Records from a collection:
● ● ● ● ● ● ●

lemma bdd_above_mat_vec_norm:
  assumes "finite C"
  shows "bdd_above (mat_vec_norm R C M ` {x. (\<Sum>c\<in>C. (cmod (x c))\<^sup>2) \<le> 1})"
proof (rule bdd_aboveI2)
  fix x assume "x \<in> {x. (\<Sum>c\<in>C. (cmod (x c))\<^sup>2) \<le> 1}"
  then have "cmod (M r c) * cmod (x c) \<le> cmod (M r c)" if "c \<in> C" for r c
    using cmod_le_1_of_sum_sq_le_1[OF assms that] by (simp add: mult_left_le)
  then have "sqrt (\<Sum>r\<in>R. (\<Sum>c\<in>C. cmod (M r c) * cmod (x c))\<^sup>2)
      \<le> sqrt (\<Sum>r\<in>R. (\<Sum>c\<in>C. cmod (M r c))\<^sup>2)"
    by (intro real_sqrt_le_mono sum_mono power_mono) (auto intro: sum_nonneg)
  with mat_vec_norm_le_abs
  show "mat_vec_norm R C M x \<le> sqrt (\<Sum>r\<in>R. (\<Sum>c\<in>C. cmod (M r c))\<^sup>2)"
    by (rule order_trans)
qed

lemma mat_vec_norm_le_op_norm:
  assumes "finite C" "(\<Sum>c\<in>C. (cmod (x c))\<^sup>2) \<le> 1"
  shows "mat_vec_norm R C M x \<le> op_norm R C M"
  unfolding op_norm_eq_Sup_mat_vec_norm
  using assms by (intro cSup_upper bdd_above_mat_vec_norm) auto

lemma op_norm_nonneg:
  assumes "finite C"
  shows "0 \<le> op_norm R C M"
  using mat_vec_norm_le_op_norm[OF assms, of "\<lambda>_. 0" R M] by (simp add: mat_vec_norm_def)

lemma op_norm_le:
  assumes "\<And>x. (\<Sum>c\<in>C. (cmod (x c))\<^sup>2) \<le> 1 \<Longrightarrow> mat_vec_norm R C M x \<le> K"
  shows "op_norm R C M \<le> K"
  unfolding op_norm_eq_Sup_mat_vec_norm
  by (rule cSup_least) (use assms in \<open>auto intro!: exI[of _ "\<lambda>_. 0"]\<close>)

lemma finite_B_cols: "finite (sp_inputs P) \<Longrightarrow> finite (sp_B_cols P)"
  by (simp add: sp_B_cols_def)

lemma sum_B_cols:
  assumes "finite (sp_inputs P)"
  shows "(\<Sum>c\<in>sp_B_cols P. g c) = g None + (\<Sum>i\<in>sp_inputs P. g (Some i))"
  using assms by (simp add: sp_B_cols_def sum.reindex)

lemma sp_target_norm_nonneg: "0 \<le> sp_target_norm P"
  by (simp add: sp_target_norm_def sum_nonneg)

definition composition_gain_le :: "('b, 'i) span_program \<Rightarrow> real \<Rightarrow> bool" where
  "composition_gain_le Pp c \<longleftrightarrow>
     (\<forall>U W Y. 0 \<le> U \<longrightarrow> 0 \<le> W \<longrightarrow> (\<forall>i. 0 \<le> Y i) \<longrightarrow>
        (\<Sum>a\<in>sp_basis Pp. (cmod (sp_target Pp a) * U
                            + W * (\<Sum>i\<in>sp_inputs Pp. cmod (sp_vec Pp i a) * Y i))\<^sup>2)
        \<le> c * (U + W * sqrt (\<Sum>i\<in>sp_inputs Pp. (Y i)\<^sup>2))\<^sup>2)"

lemma composition_gain_leD:
  assumes "composition_gain_le Pp c" "0 \<le> U" "0 \<le> W" "\<And>i. 0 \<le> Y i"
  shows "(\<Sum>a\<in>sp_basis Pp. (cmod (sp_target Pp a) * U
                              + W * (\<Sum>i\<in>sp_inputs Pp. cmod (sp_vec Pp i a) * Y i))\<^sup>2)
           \<le> c * (U + W * sqrt (\<Sum>i\<in>sp_inputs Pp. (Y i)\<^sup>2))\<^sup>2"
  using assms unfolding composition_gain_le_def by blast

lemma composition_gain_le_target_norm:
  assumes "composition_gain_le Pp c"
  shows "(sp_target_norm Pp)\<^sup>2 \<le> c"
  using composition_gain_leD[OF assms, of 1 0 "\<lambda>_. 0"]
  by (simp add: sp_target_norm_def sum_nonneg)

lemma composition_gain_le_nonneg:
  assumes "composition_gain_le Pp c"
  shows "0 \<le> c"
  using zero_le_power2 composition_gain_le_target_norm[OF assms] by (rule order_trans)

lemma sum_two_squares_Cauchy_Schwarz:
  fixes a1 a2 y1 y2 :: real
  shows "a1 * y1 + a2 * y2 \<le> sqrt (a1\<^sup>2 + a2\<^sup>2) * sqrt (y1\<^sup>2 + y2\<^sup>2)"
proof -
  have "(a1 * y1 + a2 * y2)\<^sup>2 \<le> (a1\<^sup>2 + a2\<^sup>2) * (y1\<^sup>2 + y2\<^sup>2)"
    using sum_squares_ge_zero[of "a1 * y2 - a2 * y1" 0]
    by (simp add: power2_eq_square algebra_simps)
  then show ?thesis
    by (metis real_le_rsqrt real_sqrt_mult)
qed

lemma AND_gain_ineq:
  fixes q1 q2 U W Y1 Y2 c :: real
  assumes "0 \<le> U" "0 \<le> W" "q1\<^sup>2 + q2\<^sup>2 = c" "1 \<le> c"
  shows "(q1 * U + W * Y1)\<^sup>2 + (q2 * U + W * Y2)\<^sup>2 \<le> c * (U + W * sqrt (Y1\<^sup>2 + Y2\<^sup>2))\<^sup>2"
proof -
  define Y where "Y = sqrt (Y1\<^sup>2 + Y2\<^sup>2)"
  have "q1 * Y1 + q2 * Y2 \<le> sqrt c * Y"
    using sum_two_squares_Cauchy_Schwarz[of q1 Y1 q2 Y2] assms(3) by (simp add: Y_def)
  also have "\<dots> \<le> c * Y"
  proof (intro mult_right_mono)
    show "sqrt c \<le> c"
      using assms(4) by (intro real_le_lsqrt) (auto simp: power2_eq_square)
  qed (simp add: Y_def)
  finally have cross: "2 * (U * W) * (q1 * Y1 + q2 * Y2) \<le> 2 * (U * W) * (c * Y)"
    using assms(1,2) by (intro mult_left_mono) auto
  have "1 * (W\<^sup>2 * Y\<^sup>2) \<le> c * (W\<^sup>2 * Y\<^sup>2)"
    using assms(4) by (intro mult_right_mono) auto
  have "(q1 * U + W * Y1)\<^sup>2 + (q2 * U + W * Y2)\<^sup>2
      = c * U\<^sup>2 + 2 * (U * W) * (q1 * Y1 + q2 * Y2) + W\<^sup>2 * Y\<^sup>2"
    by (simp add: Y_def power2_eq_square algebra_simps flip: assms(3))
  also have "\<dots> \<le> c * U\<^sup>2 + 2 * (U * W) * (c * Y) + c * (W\<^sup>2 * Y\<^sup>2)"
    using cross \<open>1 * (W\<^sup>2 * Y\<^sup>2) \<le> c * (W\<^sup>2 * Y\<^sup>2)\<close> by linarith
  also have "\<dots> = c * (U + W * Y)\<^sup>2"
    by (simp add: power2_eq_square algebra_simps)
  finally show ?thesis by (simp add: Y_def)
qed

lemma OR_gain_ineq:
  fixes q1 q2 U W Y1 Y2 c :: real
  assumes "0 \<le> U" "0 \<le> W" "q1\<^sup>2 + q2\<^sup>2 = c" "1 \<le> c"
  shows "(U + W * (q1 * Y1 + q2 * Y2))\<^sup>2 \<le> c * (U + W * sqrt (Y1\<^sup>2 + Y2\<^sup>2))\<^sup>2"
proof -
  define Y where "Y = sqrt (Y1\<^sup>2 + Y2\<^sup>2)"
  define p where "p = q1 * Y1 + q2 * Y2"
  have "\<bar>p\<bar> \<le> sqrt c * Y"
    using sum_two_squares_Cauchy_Schwarz[of q1 Y1 q2 Y2]
      sum_two_squares_Cauchy_Schwarz[of "- q1" Y1 "- q2" Y2] assms(3)
    by (simp add: p_def Y_def abs_le_iff)
  have "\<bar>U + W * p\<bar> \<le> U + W * \<bar>p\<bar>"
    using abs_triangle_ineq[of U "W * p"] assms(1,2) by (simp add: abs_mult)
  also have "\<dots> \<le> sqrt c * U + W * (sqrt c * Y)"
  proof (intro add_mono mult_left_mono)
    show "U \<le> sqrt c * U"
      using assms(1,4) mult_right_mono[of 1 "sqrt c" U] by simp
  qed (use \<open>\<bar>p\<bar> \<le> sqrt c * Y\<close> assms(2) in auto)
  also have "\<dots> = sqrt c * (U + W * Y)"
    by (simp add: algebra_simps)
  finally have "(U + W * p)\<^sup>2 \<le> (sqrt c * (U + W * Y))\<^sup>2"
    by (metis abs_ge_zero power2_abs power_mono)
  also have "\<dots> = c * (U + W * Y)\<^sup>2"
    using assms(4) by (simp add: power_mult_distrib)
  finally show ?thesis by (simp add: p_def Y_def)
qed

lemma root4_sq: "0 \<le> x \<Longrightarrow> (root 4 x)\<^sup>2 = sqrt x"
  using real_root_mult_exp[of 2 2 x] by (simp add: sqrt_def)

lemma root4_weights_sq_sum:
  fixes s1 s2 :: real
  assumes "0 < s1" "0 < s2"
  shows "(root 4 (s1 / (s1 + s2)))\<^sup>2 + (root 4 (s2 / (s1 + s2)))\<^sup>2
           = (sqrt s1 + sqrt s2) / sqrt (s1 + s2)"
  using assms by (simp add: root4_sq real_sqrt_divide add_divide_distrib)

lemma one_le_sqrt_sum_div_sqrt:
  fixes s1 s2 :: real
  assumes "0 < s1" "0 < s2"
  shows "1 \<le> (sqrt s1 + sqrt s2) / sqrt (s1 + s2)"
  using assms sqrt_add_le_add_sqrt[of s1 s2] by simp

lemma composition_gain_le_P_AND:
  assumes "0 < s1" "0 < s2"
  shows "composition_gain_le (P_AND s1 s2) ((sqrt s1 + sqrt s2) / sqrt (s1 + s2))"
proof -
  have "0 \<le> root 4 (s1 / (s1 + s2))" "0 \<le> root 4 (s2 / (s1 + s2))"
    using assms by simp_all
  then show ?thesis
    unfolding composition_gain_le_def
    using AND_gain_ineq[OF _ _ root4_weights_sq_sum[OF assms] one_le_sqrt_sum_div_sqrt[OF assms]]
    by (simp add: P_AND_def)
qed

lemma composition_gain_le_P_OR:
  assumes "0 < s1" "0 < s2"
  shows "composition_gain_le (P_OR s1 s2) ((sqrt s1 + sqrt s2) / sqrt (s1 + s2))"
proof -
  have "0 \<le> root 4 (s1 / (s1 + s2))" "0 \<le> root 4 (s2 / (s1 + s2))"
    using assms by simp_all
  then show ?thesis
    unfolding composition_gain_le_def
    using OR_gain_ineq[OF _ _ root4_weights_sq_sum[OF assms] one_le_sqrt_sum_div_sqrt[OF assms]]
    by (simp add: P_OR_def)
qed

lemma sp_wf_P_AND: "sp_wf (P_AND s1 s2)"
  by (simp add: sp_wf_def P_AND_def)

lemma sp_wf_P_OR: "sp_wf (P_OR s1 s2)"
  by (simp add: sp_wf_def P_OR_def)

locale first_input_composition =
  fixes P :: "('b, 'i) span_program" and Pp :: "('b2, 'i2) span_program" and i0 :: 'i
  assumes wf_P: "sp_wf P" and wf_Pp: "sp_wf Pp" and first_input: "sp_I P 1 = {i0}"
begin

abbreviation Q :: "('b \<times> 'b2 option, ('i \<times> 'i2) + 'i) span_program" where
  "Q \<equiv> reduced_tensor_compose P Pp"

● ● ● ● ● ● ●

> **WHAT IS BEING ASKED**
Gather all lines with the string "rule" from the data.

> **ANSWER BOX**
proof (rule bdd_aboveI2)
    by (rule order_trans)
  by (rule cSup_least) (use assms in \<open>auto intro!: exI[of _ "\<lambda>_. 0"]\<close>)
  using zero_le_power2 composition_gain_le_target_norm[OF assms] by (rule order_trans)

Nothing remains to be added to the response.